More details were revealed about the increased fees Sandisk will pay as Kioxia’s fab joint venture partner when the Yokkaichi Plant contract period was extended to the end of 2034, similar to that for the Kitakami plant. Now Sandisk will pay Kioxia an extra ¥45 billion a year ($290 million) on top of what it has been paying annually; ¥200 billion annually (c$65.3 million).
Previously revenue from Sandisk for contract manufacturing was based on an at-cost model. It has changed to a compensation for manufacturing services model. Kioxia believes: “This will further strengthen our cash flow and profitability over the coming years.”
It will record additional revenue from this cash compensation of approximately $131 million ( ¥20 billion) a year as an operating profit contribution for roughly nine years from February 2026 through December 2034.
Kioxia’s outlook is that “extremely strong” NAND demand is expected to exceed supply in calendar 2026 for three reasons; traditional server replacement, AI inferencing workloads, and nearline HDD shortage pushing demand to high-capacity QLC SSDs. PC and smartphone manufacturing costs are expected to rise and lower total unit shipments, leaving NAND demand there uncertain. Overall, it expects to see high-teens percent NAND market bit growth.
Its high-capacity SSD progress is that it shipped 122 TB and 245 TB models for customer qualification at the end of CY2025, with an intent to start mass-production this calendar year. It says it will “continue to expand mass production and introduce to market new products tailored to AI-related needs,” which refer to KV Cache and, possibly, high-bandwidth flash (HBF) needs.
Concerning KV Cache NAND, it said: “We expect to start mass production around 2027, and we believe that it will be possible to accommodate this with our TLC SSDs using 8th generation BiCS flash” (218-layer).
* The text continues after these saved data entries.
(* Let $A\subset\mathbb{R}^N$ be compact, let $U\subset\mathbb{R}^N$ be an open neighborhood of $A$, and let $u\in L^1_0(\mathbb{R}^N)$ satisfy $u\in C^\alpha_{loc}(U)$ for some $\alpha>0$. Then $\lim_{s\to0^+}\sup_{x\in A}\left|\frac{(-\Delta)^su(x)-u(x)}{s}-L_\Delta u(x)\right|=0$.
   Context: For $s\ge0$, $L^1_s(\mathbb{R}^N)$ is the space of locally integrable $u$ with $\int_{\mathbb{R}^N}\frac{|u(x)|}{(1+|x|)^{N+2s}}dx<\infty$. For $s\in(0,1)$, $(-\Delta)^su(x)=C_{N,s}\lim_{\epsilon\to0^+}\int_{\mathbb{R}^N\setminus B_\epsilon(x)}\frac{u(x)-u(y)}{|x-y|^{N+2s}}dy$ with $C_{N,s}=s4^s\frac{\Gamma(\frac N2+s)}{\pi^{N/2}\Gamma(1-s)}$. The logarithmic Laplacian is $L_\Delta u(x)=C_N\int_{\mathbb{R}^N}\frac{u(x)1_{B_1(x)}(y)-u(y)}{|x-y|^N}dy+\rho_Nu(x)$, with $C_N=\pi^{-N/2}\Gamma(\frac N2)$ and $\rho_N=2\log2+\psi(\frac N2)-\gamma$ ($\psi=\Gamma'/\Gamma$, $\gamma$ the Euler–Mascheroni constant). *)

theory Defs
  imports "HOL-Analysis.Analysis"
begin

definition L1s :: "real \<Rightarrow> ('a::euclidean_space \<Rightarrow> real) \<Rightarrow> bool" where
  "L1s s u \<longleftrightarrow>
     u \<in> borel_measurable lebesgue \<and>
     (\<forall>K. compact K \<longrightarrow> set_integrable lebesgue K u) \<and>
     integrable lebesgue (\<lambda>x. \<bar>u x\<bar> / (1 + norm x) powr (real DIM('a) + 2 * s))"

definition holder_loc :: "real \<Rightarrow> 'a::euclidean_space set \<Rightarrow> ('a \<Rightarrow> real) \<Rightarrow> bool" where
  "holder_loc \<alpha> U u \<longleftrightarrow>
     (\<forall>K. compact K \<and> K \<subseteq> U \<longrightarrow>
        (\<exists>C. \<forall>x\<in>K. \<forall>y\<in>K. \<bar>u x - u y\<bar> \<le> C * dist x y powr \<alpha>))"

definition frac_const :: "nat \<Rightarrow> real \<Rightarrow> real" where
  "frac_const N s = s * 4 powr s * Gamma (real N / 2 + s) / (pi powr (real N / 2) * Gamma (1 - s))"

definition frac_lap :: "real \<Rightarrow> ('a::euclidean_space \<Rightarrow> real) \<Rightarrow> 'a \<Rightarrow> real" where
  "frac_lap s u x = frac_const DIM('a) s *
     Lim (at_right 0) (\<lambda>\<epsilon>. LINT y : - ball x \<epsilon> | lebesgue.
            (u x - u y) / dist x y powr (real DIM('a) + 2 * s))"

definition log_const :: "nat \<Rightarrow> real" where
  "log_const N = Gamma (real N / 2) / pi powr (real N / 2)"

definition log_rho :: "nat \<Rightarrow> real" where
  "log_rho N = 2 * ln 2 + Digamma (real N / 2) - euler_mascheroni"

definition log_lap :: "('a::euclidean_space \<Rightarrow> real) \<Rightarrow> 'a \<Rightarrow> real" where
  "log_lap u x = log_const DIM('a) *
     (LINT y | lebesgue. (u x * indicator (ball x 1) y - u y) / dist x y powr real DIM('a))
     + log_rho DIM('a) * u x"

end

theory Submission
  imports Defs
begin

text \<open>
Write g_s(x, y) = (u(x) 1_{B(x,1)}(y) - u(y)) |x - y|^(-N-2s) (cutoff_integrand). Outside B(x,1)
the principal value converges absolutely, which gives
  (-Delta)^s u(x) = c_{N,s} (int g_s(x, y) dy + u(x) |S^(N-1)| / (2s)),
while L_Delta u(x) = c_N int g_0(x, y) dy + rho_N u(x). So the error
((-Delta)^s u(x) - u(x)) / s - L_Delta u(x) equals
  (c_{N,s}/s) (int g_s - int g_0) + (c_{N,s}/s - c_N) int g_0 + u(x) ((c_{N,s} |S^(N-1)| / (2s) - 1) / s - rho_N).
The constants behave because c_{N,s} = s k(s) with k differentiable, k(0) = c_N, k'(0) = rho_N c_N,
and c_N |S^(N-1)| = 2. For x in A, both g_0(x, -) and g_s(x, -) - g_0(x, -) have majorants whose
integrals do not depend on x: the Hoelder bound handles |x - y| < delta, the bound of u on A the
annulus delta <= |x - y| < 1, and the L^1_0 condition the exterior. The integral of the difference
majorant tends to 0, by explicit radial integrals near x and dominated convergence far away; this
gives the uniformity in x.
\<close>

section \<open>Radial integrals\<close>

definition unit_sphere_area :: "nat \<Rightarrow> real" where
  "unit_sphere_area N = real N * unit_ball_vol (real N)"

lemma nn_integral_layer_cake:
  fixes f :: "'a::euclidean_space \<Rightarrow> real"
  assumes f: "f \<in> borel_measurable borel" and nonneg: "\<And>y. f y \<ge> 0"
  shows "(\<integral>\<^sup>+y. ennreal (f y) \<partial>lborel) =
         (\<integral>\<^sup>+t. indicator {0<..} t * emeasure lborel {y. t < f y} \<partial>(lborel::real measure))"
proof -
  have level: "ennreal (f y) = (\<integral>\<^sup>+t. indicator {0<..} t * indicator {y. t < f y} y \<partial>(lborel::real measure))" for y
  proof -
    have "(\<lambda>t::real. indicator {0<..} t * indicator {y. t < f y} y) = (\<lambda>t. indicator {0<..<f y} t :: ennreal)"
      by (auto simp: indicator_def fun_eq_iff)
    then show ?thesis using nonneg[of y] by (simp add: emeasure_lborel_Ioo)
  qed
  have "(\<lambda>(y, t::real). indicator {0<..} t * indicator {y. t < f y} y :: ennreal) =
        (\<lambda>p. indicator {p. 0 < snd p \<and> snd p < f (fst p)} p)"
    by (auto simp: fun_eq_iff indicator_def)
  moreover have "(\<lambda>p. f (fst p)) \<in> borel_measurable (lborel \<Otimes>\<^sub>M (lborel::real measure))"
    by (rule measurable_compose[OF measurable_fst]) (simp add: f)
  ultimately have meas: "(\<lambda>(y, t::real). indicator {0<..} t * indicator {y. t < f y} y :: ennreal)
      \<in> borel_measurable (lborel \<Otimes>\<^sub>M lborel)"
    by simp measurable
  have "(\<integral>\<^sup>+y. ennreal (f y) \<partial>lborel)
      = (\<integral>\<^sup>+t. (\<integral>\<^sup>+y. indicator {0<..} t * indicator {y. t < f y} y \<partial>lborel) \<partial>(lborel::real measure))"
    unfolding level
    by (rule pair_sigma_finite.Fubini'[symmetric])
      (auto intro: meas pair_sigma_finite.intro lborel.sigma_finite_measure_axioms)
  also have "\<dots> = (\<integral>\<^sup>+t. indicator {0<..} t * emeasure lborel {y. t < f y} \<partial>(lborel::real measure))"
  proof (rule nn_integral_cong)
    fix t :: real
    have "{y. t < f y} \<in> sets lborel" using f by measurable
    then show "(\<integral>\<^sup>+y. indicator {0<..} t * indicator {y. t < f y} y \<partial>lborel)
        = indicator {0<..} t * emeasure lborel {y. t < f y}"
      by (simp add: nn_integral_cmult)
  qed
  finally show ?thesis .
qed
This comes down to a revenue forecast for next quarter of ¥890 billion +/- ¥45 billion ($5.8 billion +/- $294 million), providing full year revenues of ¥2.2 trillion ($14.5 billion) at the mid-point, a 27.7 percent increase on last year. This would be a fourth quarter and full year revenue record. It’s also forecasting next quarter net income at ¥340 billion +/- ¥30 billion ($2.2 billion +/- $196 million) which would also be a record, with record full year net income of ¥489.7 billion ($3.2 billion) at the mid-point.”
Kioxia CFO Hideki Hanazawa said: “The biggest driver is selling prices, which we expect to rise significantly across all applications. Although total shipments on a gigabyte basis are expected to decline, the ratio of data-center and enterprise SSD shipments is expected to increase.” The company is going to emerge financially much stronger from the NAND supply shortage than it was last year.